(Stored items)
--- START ---

section \<open>Traps and invisible targets\<close>

lemma (in prob_space) AE_eventually_notin_shifted_Union:
  fixes B :: "nat \<Rightarrow> nat \<Rightarrow> 'a set" and c :: "nat \<Rightarrow> nat"
  assumes B: "\<And>i k. B i k \<in> events" and dec: "\<And>i. decseq (B i)"
    and exhaust: "\<And>i. AE x in M. \<exists>k. x \<notin> B i k"
    and summable: "summable (\<lambda>i. prob (B i (c i)))"
  shows "AE x in M. \<exists>K. \<forall>i. x \<notin> B i (K + c i)"
proof -
  have "AE x in M. eventually (\<lambda>i. x \<in> space M - B i (c i)) sequentially"
    using B summable by (intro borel_cantelli_AE1) (simp_all add: emeasure_eq_measure)
  moreover have "AE x in M. \<forall>i. \<exists>k. x \<notin> B i k"
    using exhaust by (simp add: AE_all_countable)
  ultimately show ?thesis
  proof eventually_elim
    case (elim x)
    then obtain N where N: "\<And>i. N \<le> i \<Longrightarrow> x \<notin> B i (c i)"
      by (auto simp: eventually_sequentially)
    have "eventually (\<lambda>k. x \<notin> B i k) sequentially" for i
    proof -
      obtain k where "x \<notin> B i k"
        using elim(2) by blast
      then show ?thesis
        using dec[of i] unfolding eventually_sequentially decseq_def by blast
    qed
    then have "eventually (\<lambda>k. \<forall>i\<in>{..<N}. x \<notin> B i k) sequentially"
      by (intro eventually_ball_finite) auto
    then obtain K where K: "\<And>i. i < N \<Longrightarrow> x \<notin> B i K"
      unfolding eventually_sequentially by blast
    have "x \<notin> B i (K + c i)" for i
    proof (cases "i < N")
      case True
      then show ?thesis
        using K[OF True] dec[of i] unfolding decseq_def by (meson le_add1 subsetD)
    next
      case False
      then show ?thesis
        using N[of i] dec[of i] unfolding decseq_def by (meson le_add2 not_le subsetD)
    qed
    then show ?case
      by blast
  qed
qed

lemma exists_dyadic_bracket:
  fixes e :: real
  assumes "0 < e" and "e < 1/2"
  shows "\<exists>i. (1/2) ^ (i + 2) \<le> e \<and> e < (1/2) ^ (i + 1)"
proof -
  obtain n where "(1/2::real) ^ n < e"
    using real_arch_pow_inv[OF \<open>0 < e\<close>, of "1/2"] by auto
  moreover have "(1/2::real) ^ (n + 1) \<le> (1/2) ^ n"
    by (intro power_decreasing) auto
  ultimately obtain k where k: "(1/2::real) ^ (k + 1) \<le> e" "\<forall>i<k. \<not> (1/2::real) ^ (i + 1) \<le> e"
    using ex_least_nat_le[of "\<lambda>i. (1/2::real) ^ (i + 1) \<le> e" "n + 1"] assms by auto
  moreover obtain j where "k = Suc j"
    using k(1) assms by (cases k) auto
  ultimately show ?thesis
    by (intro exI[of _ j]) (simp add: not_le)
qed

context ergodic_inv_mpt
begin

lemma exists_dyadic_past_avoiding_family:
  fixes \<epsilon> :: "nat \<Rightarrow> real"
  assumes lim: "\<epsilon> \<longlonglongrightarrow> 0"
  shows "\<exists>N A M. \<forall>i. A i \<in> sets unit_int \<and> 0 < measure unit_int (A i) \<and>
           (\<forall>n\<ge>N i. \<epsilon> n < (1/2) ^ (i + 2)) \<and>
           measure unit_int (past_avoiding (A i) (Suc (M i))) < (1/2) ^ i \<and>
           (\<forall>n<N i. (1/2) ^ (i + 1) \<le> measure unit_int (past_avoiding (A i) (2 * n + M i)))"
proof -
  have "\<exists>N A M. A \<in> sets unit_int \<and> 0 < measure unit_int A \<and> (\<forall>n\<ge>N. \<epsilon> n < (1/2) ^ (i + 2)) \<and>
          measure unit_int (past_avoiding A (Suc M)) < (1/2) ^ i \<and>
          (\<forall>n<N. (1/2) ^ (i + 1) \<le> measure unit_int (past_avoiding A (2 * n + M)))" for i
  proof -
    obtain N where "\<forall>n\<ge>N. \<epsilon> n < (1/2) ^ (i + 2)"
      using order_tendstoD(2)[OF lim, of "(1/2) ^ (i + 2)"] by (auto simp: eventually_sequentially)
    moreover have "0 < (1/2::real) ^ i" "(1/2::real) ^ i \<le> 1"
      by (simp_all add: power_le_one)
    ultimately show ?thesis
      using exists_slowly_shrinking_past_avoiding[of "(1/2) ^ i" N] by auto
  qed
  then show ?thesis
    by (simp add: choice_iff) metis
qed

definition trap :: "(nat \<Rightarrow> real set) \<Rightarrow> (nat \<Rightarrow> nat) \<Rightarrow> nat \<Rightarrow> real set" where
  "trap A M K = (\<Union>i. past_avoiding (A i) (K + M i))"

lemma sets_trap: "(\<And>i. A i \<in> sets unit_int) \<Longrightarrow> trap A M K \<in> sets unit_int"
  unfolding trap_def using sets_past_avoiding by blast

lemma decseq_trap: "decseq (trap A M)"
  unfolding decseq_def trap_def
proof (intro allI impI UN_mono subset_refl)
  fix m n i :: nat
  assume "m \<le> n"
  then show "past_avoiding (A i) (n + M i) \<subseteq> past_avoiding (A i) (m + M i)"
    using decseq_past_avoiding[of "A i"] by (simp add: decseq_def)
qed

lemma AE_eventually_not_trap:
  assumes A: "\<And>i. A i \<in> sets unit_int" "\<And>i. 0 < measure unit_int (A i)"
    and summable: "summable (\<lambda>i. measure unit_int (past_avoiding (A i) (Suc (M i))))"
  shows "AE y in unit_int. \<exists>K. y \<notin> trap A M K"
proof -
  have "AE y in unit_int. \<exists>K. \<forall>i. y \<notin> past_avoiding (A i) (K + Suc (M i))"
    using sets_past_avoiding[OF A(1)] decseq_past_avoiding AE_eventually_not_past_avoiding[OF A]
      summable
    by (intro unit.AE_eventually_notin_shifted_Union) auto
  then show ?thesis
  proof eventually_elim
    case (elim y)
    then obtain K where "\<forall>i. y \<notin> past_avoiding (A i) (Suc K + M i)"
      by (metis add_Suc_shift)
    then show ?case
      unfolding trap_def by blast
  qed
qed

lemma AE_trap_of_funpow: "AE y in unit_int. \<forall>n. (\<tau> ^^ n) y \<in> trap A M (2 * n) \<longrightarrow> y \<in> trap A M n"
  using AE_S_\<tau>_orbit
proof eventually_elim
  case (elim y)
  show ?case
  proof (intro allI impI)
    fix n
    assume "(\<tau> ^^ n) y \<in> trap A M (2 * n)"
    then obtain i where "(\<tau> ^^ n) y \<in> past_avoiding (A i) ((n + M i) + n)"
      by (auto simp: trap_def mult_2 add_ac)
    then show "y \<in> trap A M n"
      using past_avoiding_of_funpow[OF elim] by (auto simp: trap_def)
  qed
qed

lemma exists_traps:
  fixes \<epsilon> :: "nat \<Rightarrow> real"
  assumes pos: "\<And>n. n \<ge> 1 \<Longrightarrow> 0 < \<epsilon> n" and lim: "\<epsilon> \<longlonglongrightarrow> 0"
  shows "\<exists>G. (\<forall>K. G K \<in> sets unit_int) \<and> decseq G \<and> (AE y in unit_int. \<exists>K. y \<notin> G K) \<and>
           (\<forall>n\<ge>1. \<epsilon> n < 1/2 \<longrightarrow> \<epsilon> n < measure unit_int (G (2 * n))) \<and>
           (AE y in unit_int. \<forall>n. (\<tau> ^^ n) y \<in> G (2 * n) \<longrightarrow> y \<in> G n)"
proof -
  obtain N A M where A: "\<And>i. A i \<in> sets unit_int" "\<And>i. 0 < measure unit_int (A i)"
    and N: "\<And>i n. n \<ge> N i \<Longrightarrow> \<epsilon> n < (1/2) ^ (i + 2)"
    and escape: "\<And>i. measure unit_int (past_avoiding (A i) (Suc (M i))) < (1/2) ^ i"
    and slow: "\<And>i n. n < N i \<Longrightarrow>
      (1/2) ^ (i + 1) \<le> measure unit_int (past_avoiding (A i) (2 * n + M i))"
    using exists_dyadic_past_avoiding_family[OF lim] by blast
  have "summable (\<lambda>i. measure unit_int (past_avoiding (A i) (Suc (M i))))"
    using escape
    by (intro summable_comparison_test'[OF summable_geometric[of "1/2"]]) (auto intro: less_imp_le)
  then have "AE y in unit_int. \<exists>K. y \<notin> trap A M K"
    by (rule AE_eventually_not_trap[OF A])
  moreover have "\<epsilon> n < measure unit_int (trap A M (2 * n))" if n: "n \<ge> 1" "\<epsilon> n < 1/2" for n
  proof -
    obtain i where i: "(1/2) ^ (i + 2) \<le> \<epsilon> n" "\<epsilon> n < (1/2) ^ (i + 1)"
      using exists_dyadic_bracket[OF pos n(2)] n(1) by blast
    then have "n < N i"
      using N[of i n] by (meson not_le not_less)
    then have "(1/2) ^ (i + 1) \<le> measure unit_int (past_avoiding (A i) (2 * n + M i))"
      by (rule slow)
    also have "\<dots> \<le> measure unit_int (trap A M (2 * n))"
      using sets_trap[OF A(1)] by (intro unit.finite_measure_mono) (auto simp: trap_def)
    finally show ?thesis
      using i(2) by simp
  qed
  ultimately show ?thesis
    using sets_trap[OF A(1)] decseq_trap AE_trap_of_funpow by (intro exI[of _ "trap A M"]) simp
qed

end

context ergodic_inv_mpt
begin

lemma AE_finite_small_along_orbit:
  fixes G :: "nat \<Rightarrow> real set" and \<sigma> :: "real \<Rightarrow> real" and \<epsilon> :: "nat \<Rightarrow> real"
  assumes dec: "decseq G" and exhaust: "AE y in unit_int. \<exists>K. y \<notin> G K"
    and large: "\<forall>\<^sub>F n in sequentially. \<epsilon> n < measure unit_int (G (2 * n))"
    and backward: "AE y in unit_int. \<forall>n. (\<tau> ^^ n) y \<in> G (2 * n) \<longrightarrow> y \<in> G n"
    and straight: "AE y in unit_int. \<forall>K. \<sigma> y < measure unit_int (G K) \<longrightarrow> y \<in> G K"
  shows "AE y in unit_int. finite {n. \<sigma> ((\<tau> ^^ n) y) \<le> \<epsilon> n}"
proof -
  obtain N where N: "\<And>n. n \<ge> N \<Longrightarrow> \<epsilon> n < measure unit_int (G (2 * n))"
    using large by (auto simp: eventually_sequentially)
  have "\<forall>n. AE y in unit_int. \<forall>K. \<sigma> ((\<tau> ^^ n) y) < measure unit_int (G K) \<longrightarrow> (\<tau> ^^ n) y \<in> G K"
    using AE_mpt_comp[OF mpt_funpow[OF mpt_\<tau>] straight] by blast
  then have "AE y in unit_int. \<forall>n K. \<sigma> ((\<tau> ^^ n) y) < measure unit_int (G K) \<longrightarrow> (\<tau> ^^ n) y \<in> G K"
    by (rule AE_all_countable[THEN iffD2])
  then show ?thesis
    using backward exhaust
  proof eventually_elim
    case (elim y)
    then obtain K where K: "y \<notin> G K"
      by blast
    have "n < max N K" if "\<sigma> ((\<tau> ^^ n) y) \<le> \<epsilon> n" for n
    proof (rule ccontr)
      assume "\<not> n < max N K"
      then have "N \<le> n" "K \<le> n"
        by auto
      then have "(\<tau> ^^ n) y \<in> G (2 * n)"
        using elim(1)[rule_format, of n "2 * n"] that N[of n] by simp
      then have "y \<in> G n"
        using elim(2) by blast
      then have "y \<in> G K"
        using dec \<open>K \<le> n\<close> by (auto simp: decseq_def)
      then show False
        using K by blast
    qed
    then have "{n. \<sigma> ((\<tau> ^^ n) y) \<le> \<epsilon> n} \<subseteq> {..<max N K}"
      by blast
    then show ?case
      by (rule finite_subset) simp
  qed
qed

lemma exists_conj_with_invisible_targets:
  fixes \<epsilon> :: "nat \<Rightarrow> real"
  assumes pos: "\<And>n. n \<ge> 1 \<Longrightarrow> 0 < \<epsilon> n" and lim: "\<epsilon> \<longlonglongrightarrow> 0"
  shows "\<exists>\<sigma> \<sigma>'. inv_mpt_with \<sigma> \<sigma>' \<and>
           (AE x in unit_int. finite {n. n \<ge> 1 \<and> ((\<lambda>x. \<sigma> (\<tau> (\<sigma>' x))) ^^ n) x \<in> {0..\<epsilon> n}})"
proof -
  obtain G where G: "\<And>K. G K \<in> sets unit_int" and dec: "decseq G"
    and exhaust: "AE y in unit_int. \<exists>K. y \<notin> G K"
    and large: "\<And>n. n \<ge> 1 \<Longrightarrow> \<epsilon> n < 1/2 \<Longrightarrow> \<epsilon> n < measure unit_int (G (2 * n))"
    and backward: "AE y in unit_int. \<forall>n. (\<tau> ^^ n) y \<in> G (2 * n) \<longrightarrow> y \<in> G n"
    using exists_traps[OF pos lim] by blast
  obtain \<sigma> \<sigma>' where iso: "inv_mpt_with \<sigma> \<sigma>'"
    and straight: "AE y in unit_int. \<forall>K. \<sigma> y < measure unit_int (G K) \<longrightarrow> y \<in> G K"
    using exists_inv_mpt_straightening_decseq[OF G dec exhaust] by blast
  have "\<forall>\<^sub>F n in sequentially. \<epsilon> n < 1/2"
    using order_tendstoD(2)[OF lim, of "1/2"] by simp
  then have "\<forall>\<^sub>F n in sequentially. \<epsilon> n < measure unit_int (G (2 * n))"
    using eventually_ge_at_top[of 1] by eventually_elim (simp add: large)
  then have few: "AE y in unit_int. finite {n. \<sigma> ((\<tau> ^^ n) y) \<le> \<epsilon> n}"
    by (rule AE_finite_small_along_orbit[OF dec exhaust _ backward straight])
  have "mpt \<sigma>'"
    using iso by (simp add: inv_mpt_with_def)
  from AE_mpt_comp[OF this few]
  have "AE x in unit_int. finite {n. n \<ge> 1 \<and> ((\<lambda>x. \<sigma> (\<tau> (\<sigma>' x))) ^^ n) x \<in> {0..\<epsilon> n}}"
    using AE_funpow_conj[OF iso mpt_\<tau>] by eventually_elim (auto elim: rev_finite_subset)
  with iso show ?thesis
    by blast
qed

end

theorem mainTheorem9:
  fixes \<tau> :: "real \<Rightarrow> real" and \<epsilon> :: "nat \<Rightarrow> real"
  assumes "ergodic_map \<tau>" and "inv_mpt \<tau>"
    and "\<And>n. n \<ge> 1 \<Longrightarrow> 0 < \<epsilon> n \<and> \<epsilon> n \<le> 1"
    and "\<And>n. n \<ge> 1 \<Longrightarrow> \<epsilon> (Suc n) \<le> \<epsilon> n"
    and "\<epsilon> \<longlonglongrightarrow> 0"
  shows "\<exists>\<sigma> \<sigma>'. inv_mpt_with \<sigma> \<sigma>' \<and>
           (let \<omega> = (\<lambda>x. \<sigma> (\<tau> (\<sigma>' x))) in
              ergodic_map \<omega> \<and> inv_mpt \<omega> \<and>
              (AE x in unit_int. finite {n. n \<ge> 1 \<and> (\<omega> ^^ n) x \<in> {0..\<epsilon> n}}))"
proof -
  obtain S where S: "inv_mpt_with \<tau> S"
    using assms(2) by (auto simp: inv_mpt_def)
  interpret ergodic_inv_mpt \<tau> S
    using assms(1) S by unfold_locales
  obtain \<sigma> \<sigma>' where iso: "inv_mpt_with \<sigma> \<sigma>'"
    and invisible: "AE x in unit_int. finite {n. n \<ge> 1 \<and> ((\<lambda>x. \<sigma> (\<tau> (\<sigma>' x))) ^^ n) x \<in> {0..\<epsilon> n}}"
    using exists_conj_with_invisible_targets[of \<epsilon>] assms(3,5) by blast
  have "ergodic_map (\<lambda>x. \<sigma> (\<tau> (\<sigma>' x)))"
    by (rule ergodic_map_conj[OF assms(1) iso])
  moreover have "inv_mpt (\<lambda>x. \<sigma> (\<tau> (\<sigma>' x)))"
    using inv_mpt_with_conj[OF iso S] by (auto simp: inv_mpt_def)
  ultimately show ?thesis
    unfolding Let_def using iso invisible by blast
qed
end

--- END ---

> [INSTRUCTIONS FOR THE TASK]: A single figure is required: the number of lines in the entries above that include the word "allI".

> [ANSWER FOR THIS EXERCISE]: 2